Cruising up the west coast of FL and would like to stay a few months in Sarasota Bay. I have seen a few marinas but would like to get local knowledge. Which marina allows live aboards?
Thanks, Velero


----------



## MSter (Apr 1, 2008)

Sarasota Bay may be a bit limiting in regards to marinas which allow liveaboards. There are a few to the north and south which may be a bit more accommodating in terms of amenities and access. Just to the north of SB, Twin Dolphins and Regatta Point are both excellent. Just to the south of SB, there are Burnt Store marina and a few more in Ft Myers.
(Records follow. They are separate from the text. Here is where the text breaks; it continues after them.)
lemma compact_zero_dim_open_map_eps:
  assumes "compact_space \<tau>" "\<tau> dim_le 0"
  shows "open_map \<tau> (stone_topology (topspace \<tau>) (Clop \<tau>)) (eps \<tau>)"
  unfolding open_map_def
proof (intro allI impI)
  fix U assume "openin \<tau> U"
  then have "U = \<Union>{V \<in> Clop \<tau>. V \<subseteq> U}"
    using zero_dim_clopen_nbhd[OF assms(2)] by blast
  then have "eps \<tau> ` U = (\<Union>V \<in> {V \<in> Clop \<tau>. V \<subseteq> U}. eps \<tau> ` V)"
    by blast
  also have "\<dots> = (\<Union>V \<in> {V \<in> Clop \<tau>. V \<subseteq> U}. {u \<in> Ul (topspace \<tau>) (Clop \<tau>). V \<in> u})"
    using eps_image_clopen[OF assms(1)] by simp
  finally show "openin (stone_topology (topspace \<tau>) (Clop \<tau>)) (eps \<tau> ` U)"
    unfolding stone_topology_def by (auto intro: topology_generated_by_Basis)
qed

lemma boolean_space_homeomorphic_map_eps:
  assumes "boolean_space \<tau>"
  shows "homeomorphic_map \<tau> (stone_topology (topspace \<tau>) (Clop \<tau>)) (eps \<tau>)"
proof (rule bijective_open_imp_homeomorphic_map)
  have compact: "compact_space \<tau>"
    by (rule boolean_space_compact_space[OF assms])
  show "continuous_map \<tau> (stone_topology (topspace \<tau>) (Clop \<tau>)) (eps \<tau>)"
    by (rule compact_space_continuous_map_eps[OF compact])
  show "open_map \<tau> (stone_topology (topspace \<tau>) (Clop \<tau>)) (eps \<tau>)"
    by (rule compact_zero_dim_open_map_eps[OF compact boolean_space_dim_le_0[OF assms]])
  show "eps \<tau> ` topspace \<tau> = topspace (stone_topology (topspace \<tau>) (Clop \<tau>))"
    unfolding topspace_stone_topology by (rule compact_space_eps_image[OF compact])
  show "inj_on (eps \<tau>) (topspace \<tau>)"
    by (rule boolean_space_inj_on_eps[OF assms])
qed

lemma compact_space_phi_clopen_filter:
  assumes "compact_space \<tau>" "is_filter (topspace \<tau>) (Clop \<tau>) F"
  shows "phi (topspace \<tau>) (Clop \<tau>) F = eps \<tau> ` \<Inter>F"
proof -
  have "phi (topspace \<tau>) (Clop \<tau>) F = {u \<in> eps \<tau> ` topspace \<tau>. F \<subseteq> u}"
    unfolding phi_def compact_space_eps_image[OF assms(1)] ..
  also have "\<dots> = eps \<tau> ` {x \<in> topspace \<tau>. F \<subseteq> eps \<tau> x}"
    by blast
  also have "{x \<in> topspace \<tau>. F \<subseteq> eps \<tau> x} = \<Inter>F"
    using is_filterD(1,2)[OF assms(2)] unfolding eps_def by blast
  finally show ?thesis .
qed

lemma boolean_space_eps_image_eq_phi_iff:
  assumes "boolean_space \<tau>" "is_filter (topspace \<tau>) (Clop \<tau>) F" "Z \<subseteq> topspace \<tau>"
  shows "eps \<tau> ` Z = phi (topspace \<tau>) (Clop \<tau>) F \<longleftrightarrow> Z = \<Inter>F"
proof -
  have "\<Inter>F \<subseteq> topspace \<tau>"
    using is_filter_top[OF assms(2)] by blast
  then show ?thesis
    using compact_space_phi_clopen_filter[OF boolean_space_compact_space[OF assms(1)] assms(2)] assms(3)
      inj_on_image_eq_iff[OF boolean_space_inj_on_eps[OF assms(1)]] by simp
qed

lemma conditional_spaceD:
  assumes "conditional_space \<tau> T"
  shows conditional_space_boolean_space: "boolean_space \<tau>"
    and conditional_space_Tsec_closedin:
      "x \<in> topspace \<tau> \<Longrightarrow> closedin \<tau> Y \<Longrightarrow> closedin \<tau> (Tsec T x Y)"
    and conditional_space_arrowT_Clop:
      "U \<in> Clop \<tau> \<Longrightarrow> V \<in> Clop \<tau> \<Longrightarrow> arrowT \<tau> T U V \<in> Clop \<tau>"
    and conditional_space_T_iff_clopen_supersets:
      "T x Z y \<longleftrightarrow> closedin \<tau> Z \<and> (\<forall>U \<in> Clop \<tau>. Z \<subseteq> U \<longrightarrow> T x U y)"
proof -
  show "boolean_space \<tau>" "x \<in> topspace \<tau> \<Longrightarrow> closedin \<tau> Y \<Longrightarrow> closedin \<tau> (Tsec T x Y)"
    "U \<in> Clop \<tau> \<Longrightarrow> V \<in> Clop \<tau> \<Longrightarrow> arrowT \<tau> T U V \<in> Clop \<tau>"
    using assms unfolding conditional_space_def by simp_all
  have "T x Z y \<Longrightarrow> closedin \<tau> Z" and
    "closedin \<tau> Z \<Longrightarrow> T x Z y \<longleftrightarrow> (\<forall>U. U \<in> Clop \<tau> \<and> Z \<subseteq> U \<longrightarrow> T x U y)"
    using assms unfolding conditional_space_def by blast+
  then show "T x Z y \<longleftrightarrow> closedin \<tau> Z \<and> (\<forall>U \<in> Clop \<tau>. Z \<subseteq> U \<longrightarrow> T x U y)"
    by blast
qed

lemma conditional_space_T_clopen_iff:
  assumes "conditional_space \<tau> T" "x \<in> topspace \<tau>" "y \<in> topspace \<tau>" "a \<in> Clop \<tau>"
  shows "T x a y \<longleftrightarrow> (\<forall>b \<in> Clop \<tau>. x \<in> arrowT \<tau> T a b \<longrightarrow> y \<in> b)"
proof
  assume "T x a y"
  then show "\<forall>b \<in> Clop \<tau>. x \<in> arrowT \<tau> T a b \<longrightarrow> y \<in> b"
    using Clop_closedin[OF assms(4)] unfolding arrowT_def Tsec_def by blast
next
  assume arrow: "\<forall>b \<in> Clop \<tau>. x \<in> arrowT \<tau> T a b \<longrightarrow> y \<in> b"
  show "T x a y"
  proof (rule ccontr)
    assume "\<not> T x a y"
    moreover have "closedin \<tau> (Tsec T x a)"
      using conditional_space_Tsec_closedin[OF assms(1,2) Clop_closedin[OF assms(4)]] .
    ultimately obtain b where b: "b \<in> Clop \<tau>" "Tsec T x a \<subseteq> b" "y \<notin> b"
      using zero_dim_separate_closed[OF boolean_space_dim_le_0[OF conditional_space_boolean_space[OF assms(1)]] _ assms(3)]
      unfolding Tsec_def by blast
    have "Tsec T x W \<subseteq> Tsec T x a" if "W \<subseteq> a" for W
      using conditional_space_T_iff_clopen_supersets[OF assms(1)] assms(4) that
      unfolding Tsec_def by blast
    then have "x \<in> arrowT \<tau> T a b"
      using assms(2) b(2) unfolding arrowT_def by blast
    then show False
      using arrow b by blast
  qed
qed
There are certainly others, but these are just off the top of my head.


----------



## DougSabbag (Aug 3, 2011)

Just North of Sarasota, and just West of Bradenton, is a little town called Cortez.
At the foot of the Anna Maria Island bridge, on the Cortez side, is a marina called: The Seafood Shack Seafood Shack Which we lived at for almost a year.

Enjoy!


----------



## DougSabbag (Aug 3, 2011)

Addendum.... there are also a lot of anchored / moored vessels in Sarasota Bay.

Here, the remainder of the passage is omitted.